Myth #8: He has an aggressive personality.

It is understandable why this would be an attractive myth to believe – if it were true it would make it much easier to women to decrease the chances of ending up in an abusive relationship. However, the majority of abusers are often quite responsible calm when dealing with affairs and people unrelated to their partners. For most abusers, but not all, they do not get aggressive with individuals other than their partners. This actually is a contributing factor to why many women stay feel trapped in abusive relationships – their partners are calm and gentle people outside of the home, it’s so hard to believe they could be so different behind closed doors. This is one of the manipulative, twisted aspects of abusive partners and it serves to ensure their partners will not reach out for support.

This myth is perpetuated by the societal stereotype that abusers are relatively uneducated and blue-collar men. This is not only an unfair stereotype of working-class men, it overlooks the fact that a college-educated or professional man has roughly the same likelihood of abusing his partner as anyone else. The truth is, the more educated the abuser is, the more knots he can tie in his partner’s mind, the better he is at getting her to put the blame on herself for his behavior, and the slicker he is at being able to persuade others that she is crazy. Also, and this is a very important point, the more socially powerful an abuser, the more powerful his abuse can be – he has more influence and has more pull in the public eye, and this makes it much more difficult for his partner to escape.

Myth #9: He has low self-esteem.

Many would like to believe that abusive behavior is the result of the abusive man feeling bad about himself, having low self-esteem.
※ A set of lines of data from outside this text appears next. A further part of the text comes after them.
(* Let $n\ge 0$ and $\mathbf{x}\in\mathbb{R}^{n+1}$ with $0\le\mathbf{x}_0<\mathbf{x}_1<\dots<\mathbf{x}_n\le 1$. Define the $(n+1)\times(n+1)$ matrices (indices $0\le i,j\le n$) $$H^n_{ij}=\binom{n+1}{i+j+1},\qquad \widetilde H^n_{ij}(\mathbf{x})=\sum_{k=0}^{i+j+1}(-1)^{n-k+1}\binom{n-k+1}{n-i-j}\sigma_{n-k+1}(\mathbf{x}),$$ $$T^n_{ij}=\binom{n+1}{j-i},\qquad \widetilde T^n_{ij}(\mathbf{x})=\sum_{k=0}^{j-i}(-1)^{n-k+1}\binom{n-k+1}{j-i-k}\sigma_{n-k+1}(\mathbf{x}),$$ $$D^n(\mathbf{x})=\mathrm{diag}\Big(\prod_{i\in\{0,\dots,n\}\setminus\{j\}}(\mathbf{x}_j-\mathbf{x}_i)\Big)_{j=0}^n,\qquad \Delta^n=\mathrm{diag}\Big(\binom{n}{j}\Big)_{j=0}^n,$$ and $\widetilde V^n_{ij}(\mathbf{x})=\mathbf{x}_i^j(1-\mathbf{x}_i)^{n-j}$. Then $$(V^n(\mathbf{x}))^{-1}=(\Delta^n)^{-1}\big[\widetilde H^n(\mathbf{x})T^n-H^n\widetilde T^n(\mathbf{x})\big](\widetilde V^n(\mathbf{x}))^T(D^n(\mathbf{x}))^{-1}.$$
   Context: $V^n(\mathbf{x})$ is the Bernstein–Vandermonde matrix with entries $V^n_{ij}(\mathbf{x})=B^n_j(\mathbf{x}_i)$, where $B^n_j(x)=\binom{n}{j}x^j(1-x)^{n-j}$. $\sigma_k(\mathbf{x})$ is the $k$-th elementary symmetric function of $\mathbf{x}_0,\dots,\mathbf{x}_n$: $\sigma_0=1$ and $\sigma_k(\mathbf{x})=\sum_{0\le i_0<\dots<i_{k-1}\le n}\mathbf{x}_{i_0}\cdots\mathbf{x}_{i_{k-1}}$ for $1\le k\le n+1$. Conventions: $\binom{a}{b}=0$ if $b<0$ or $b>a$ (in particular $T^n,\widetilde T^n$ are upper triangular, and empty sums are $0$); $0^0=1$. *)

theory Defs
  imports Complex_Main "Jordan_Normal_Form.Matrix"
begin

definition binomZ :: "int \<Rightarrow> int \<Rightarrow> real" where
  "binomZ a b = (if 0 \<le> b \<and> b \<le> a then real (nat a choose nat b) else 0)"

text \<open>k-th elementary symmetric function of x_0,...,x_n (integer index;
  value 0 for negative k, and automatically 0 for k > n+1, 1 for k = 0).\<close>
definition esym :: "(nat \<Rightarrow> real) \<Rightarrow> nat \<Rightarrow> int \<Rightarrow> real" where
  "esym x n k = (if k < 0 then 0 else
     (\<Sum>S\<in>{S. S \<subseteq> {0..n} \<and> card S = nat k}. \<Prod>i\<in>S. x i))"

text \<open>Bernstein-Vandermonde matrix V^n(x), entries B^n_j(x_i).\<close>
definition BV :: "nat \<Rightarrow> (nat \<Rightarrow> real) \<Rightarrow> real mat" where
  "BV n x = mat (n+1) (n+1) (\<lambda>(i,j). real (n choose j) * x i ^ j * (1 - x i) ^ (n - j))"

definition BVtil :: "nat \<Rightarrow> (nat \<Rightarrow> real) \<Rightarrow> real mat" where
  "BVtil n x = mat (n+1) (n+1) (\<lambda>(i,j). x i ^ j * (1 - x i) ^ (n - j))"

definition Hmat :: "nat \<Rightarrow> real mat" where
  "Hmat n = mat (n+1) (n+1) (\<lambda>(i,j). binomZ (int n + 1) (int i + int j + 1))"

definition Htil :: "nat \<Rightarrow> (nat \<Rightarrow> real) \<Rightarrow> real mat" where
  "Htil n x = mat (n+1) (n+1) (\<lambda>(i,j).
     \<Sum>k\<in>{0..int i + int j + 1}. (-1::real) powi (int n - k + 1)
        * binomZ (int n - k + 1) (int n - int i - int j) * esym x n (int n - k + 1))"

definition Tmat :: "nat \<Rightarrow> real mat" where
  "Tmat n = mat (n+1) (n+1) (\<lambda>(i,j). binomZ (int n + 1) (int j - int i))"

definition Ttil :: "nat \<Rightarrow> (nat \<Rightarrow> real) \<Rightarrow> real mat" where
  "Ttil n x = mat (n+1) (n+1) (\<lambda>(i,j).
     \<Sum>k\<in>{0..int j - int i}. (-1::real) powi (int n - k + 1)
        * binomZ (int n - k + 1) (int j - int i - k) * esym x n (int n - k + 1))"

text \<open>Inverses of the diagonal matrices D^n(x) and Delta^n (their diagonal
  entries are nonzero under the hypotheses).\<close>
definition Dinv :: "nat \<Rightarrow> (nat \<Rightarrow> real) \<Rightarrow> real mat" where
  "Dinv n x = mat_diag (n+1) (\<lambda>j. 1 / (\<Prod>i\<in>{0..n} - {j}. (x j - x i)))"

definition Deltainv :: "nat \<Rightarrow> real mat" where
  "Deltainv n = mat_diag (n+1) (\<lambda>j. 1 / real (n choose j))"

end

theory Submission
  imports Defs "Jordan_Normal_Form.Determinant"
begin

(* The matrix C = H~ T - H T~ is the Bezoutian of omega(s) = prod_i (s - x_i) and the constant 1,
   both written in the degree n+1 Bernstein basis (with coefficients coming from H~, T~ and from
   binom(n+1, _)): the form Q(s,t) = sum_{j,m} C_jm s^j (1-s)^(n-j) t^m (1-t)^(n-m) satisfies
   (s - t) Q(s,t) = omega(s) - omega(t).  Hence Q(x_i, x_l) vanishes for i ~= l and equals
   omega'(x_l) = D_ll for i = l, i.e. V~ C V~^T = D.  Since V = V~ Delta, the inverse of V is
   Delta^-1 C V~^T D^-1. *)

definition vanishes_outside :: "int \<Rightarrow> (int \<Rightarrow> 'a::zero) \<Rightarrow> bool" where
  "vanishes_outside N f \<longleftrightarrow> (\<forall>c. c < 0 \<or> N < c \<longrightarrow> f c = 0)"

lemma vanishes_outsideD: "vanishes_outside N f \<Longrightarrow> c < 0 \<or> N < c \<Longrightarrow> f c = 0"
  unfolding vanishes_outside_def by blast

definition bezout_term ::
    "(int \<Rightarrow> 'a::comm_ring_1) \<Rightarrow> (int \<Rightarrow> 'a) \<Rightarrow> int \<Rightarrow> int \<Rightarrow> 'a" where
  "bezout_term f g s p = g p * f (s - p) - f p * g (s - p)"

(* With p = j + 1 + l this is entry (j, m) of H~ T - H T~ for f = binom(n+1, _) and g the
   Bernstein coefficients of omega. *)
definition bezout_coeff ::
    "nat \<Rightarrow> (int \<Rightarrow> 'a::comm_ring_1) \<Rightarrow> (int \<Rightarrow> 'a) \<Rightarrow> int \<Rightarrow> int \<Rightarrow> 'a" where
  "bezout_coeff n f g j m = (\<Sum>p\<in>{j+1..j+1+int n}. bezout_term f g (j+1+m) p)"

lemma bezout_term_reflect: "bezout_term f g s (s - p) = - bezout_term f g s p"
  unfolding bezout_term_def by (simp add: algebra_simps)

lemma bezout_term_eq_0:
  assumes f: "vanishes_outside N f" and g: "vanishes_outside N g"
    and p: "p < 0 \<or> N < p \<or> s - p < 0 \<or> N < s - p"
  shows "bezout_term f g s p = 0"
  using p vanishes_outsideD[OF f, of p] vanishes_outsideD[OF g, of p]
    vanishes_outsideD[OF f, of "s - p"] vanishes_outsideD[OF g, of "s - p"]
  unfolding bezout_term_def by auto

lemma sum_bezout_term_eq_0:
  fixes f g :: "int \<Rightarrow> 'a::field_char_0"
  assumes f: "vanishes_outside N f" and g: "vanishes_outside N g"
    and I: "finite I" "{max 0 (s - N)..min N s} \<subseteq> I"
  shows "(\<Sum>p\<in>I. bezout_term f g s p) = 0"
proof -
  \<comment> \<open>The reflection \<open>p \<mapsto> s - p\<close> maps the support window onto itself and negates each term.\<close>
  let ?J = "{max 0 (s - N)..min N s}"
  have "(\<Sum>p\<in>I. bezout_term f g s p) = (\<Sum>p\<in>?J. bezout_term f g s p)"
    by (rule sum.mono_neutral_right[OF I]) (auto intro: bezout_term_eq_0[OF f g])
  moreover have "(\<Sum>p\<in>?J. bezout_term f g s p) = (\<Sum>p\<in>?J. bezout_term f g s (s - p))"
    by (rule sum.reindex_bij_witness[of _ "\<lambda>p. s - p" "\<lambda>p. s - p"]) auto
  then have "(\<Sum>p\<in>?J. bezout_term f g s p) = - (\<Sum>p\<in>?J. bezout_term f g s p)"
    unfolding bezout_term_reflect sum_negf .
  ultimately show ?thesis by simp
qed

lemma bezout_coeff_telescope:
  "bezout_coeff n f g (a - 1) b - bezout_coeff n f g a (b - 1)
     = bezout_term f g (a + b) a - bezout_term f g (a + b) (a + int n + 1)"
proof -
  let ?h = "bezout_term f g (a + b)"
  have "{a..a + int n + 1} = insert a {a + 1..a + int n + 1}" by auto
  then have "sum ?h {a..a + int n + 1} = ?h a + sum ?h {a + 1..a + int n + 1}" by simp
  moreover have "{a..a + int n + 1} = insert (a + int n + 1) {a..a + int n}" by auto
  then have "sum ?h {a..a + int n + 1} = ?h (a + int n + 1) + sum ?h {a..a + int n}" by simp
  ultimately show ?thesis unfolding bezout_coeff_def by (simp add: algebra_simps)
qed

lemma bezout_coeff_eq_0:
  fixes f g :: "int \<Rightarrow> 'a::field_char_0"
  assumes "vanishes_outside (int n + 1) f" "vanishes_outside (int n + 1) g"
    and "{max 0 (j + m - int n)..min (int n + 1) (j + 1 + m)} \<subseteq> {j + 1..j + 1 + int n}"
  shows "bezout_coeff n f g j m = 0"
  unfolding bezout_coeff_def by (rule sum_bezout_term_eq_0) (use assms in auto)

lemma bezout_coeff_boundary:
  fixes f g :: "int \<Rightarrow> 'a::field_char_0"
  assumes f: "vanishes_outside (int n + 1) f" and g: "vanishes_outside (int n + 1) g"
    and j: "-1 \<le> j" "j \<le> int n + 1" and m: "-1 \<le> m" "m \<le> int n + 1"
    and out: "\<not> (0 \<le> j \<and> j \<le> int n \<and> 0 \<le> m \<and> m \<le> int n)"
  shows "bezout_coeff n f g j m
    = (if j = -1 \<and> m = int n + 1 then - bezout_term f g (int n + 1) (int n + 1) else 0)"
proof -
  consider "j = -1" "m = int n + 1" | "m = -1" | "j = int n + 1"
    | "j = -1" "0 \<le> m" "m \<le> int n" | "m = int n + 1" "0 \<le> j" "j \<le> int n"
    using j m out by linarith
  then show ?thesis
  proof cases
    case 1
    have "{0..int n + 1} = insert (int n + 1) {0..int n}" by auto
    moreover have "(\<Sum>p\<in>{0..int n + 1}. bezout_term f g (int n + 1) p) = 0"
      by (rule sum_bezout_term_eq_0[OF f g]) auto
    ultimately show ?thesis
      using 1 by (simp add: bezout_coeff_def eq_neg_iff_add_eq_0 add.commute)
  next
    case 2
    then have "bezout_coeff n f g j m = 0" unfolding bezout_coeff_def
      by (intro sum.neutral ballI bezout_term_eq_0[OF f g]) auto
    with 2 show ?thesis by auto
  next
    case 3
    then have "bezout_coeff n f g j m = 0" unfolding bezout_coeff_def
      by (intro sum.neutral ballI bezout_term_eq_0[OF f g]) auto
    with 3 show ?thesis by auto
  qed (auto intro!: bezout_coeff_eq_0[OF f g])
qed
This misconception leads the victim to do what she can to boost his confidence. However, this only makes the problem worse. Abusive men expect being catered to, and the more positive attention they receive, the more they demand. Thus, the self-esteem myth is ultimately rewarding to the abuser – it gets his partner, his therapist and others involved to cater to him emotionally.

Myth #10: He is too angry.

Perhaps the most common myth about abusive men is that they have anger management problems, that they are abusive because they are unable to appropriately cope with and manage their anger. The cause and effect belief usually looks like this: He is abusive because he is angry. However, this is the reverse of the truth – he is angry because he is abusive. Everybody gets angry and most have, on occasion, gotten too angry, where their anger is out of proportion to an event or beyond what is healthy for them. Some get ulcers, hypertension and heart attacks as a result. However, these individuals do not necessarily abuse their partners. An abusive partner’s anger can be misleading, in that it diverts the attention away from all the disrespect, irresponsibility, lying, talking over you, and other abusive and controlling behaviors he displays, even when he isn’t particularly upset.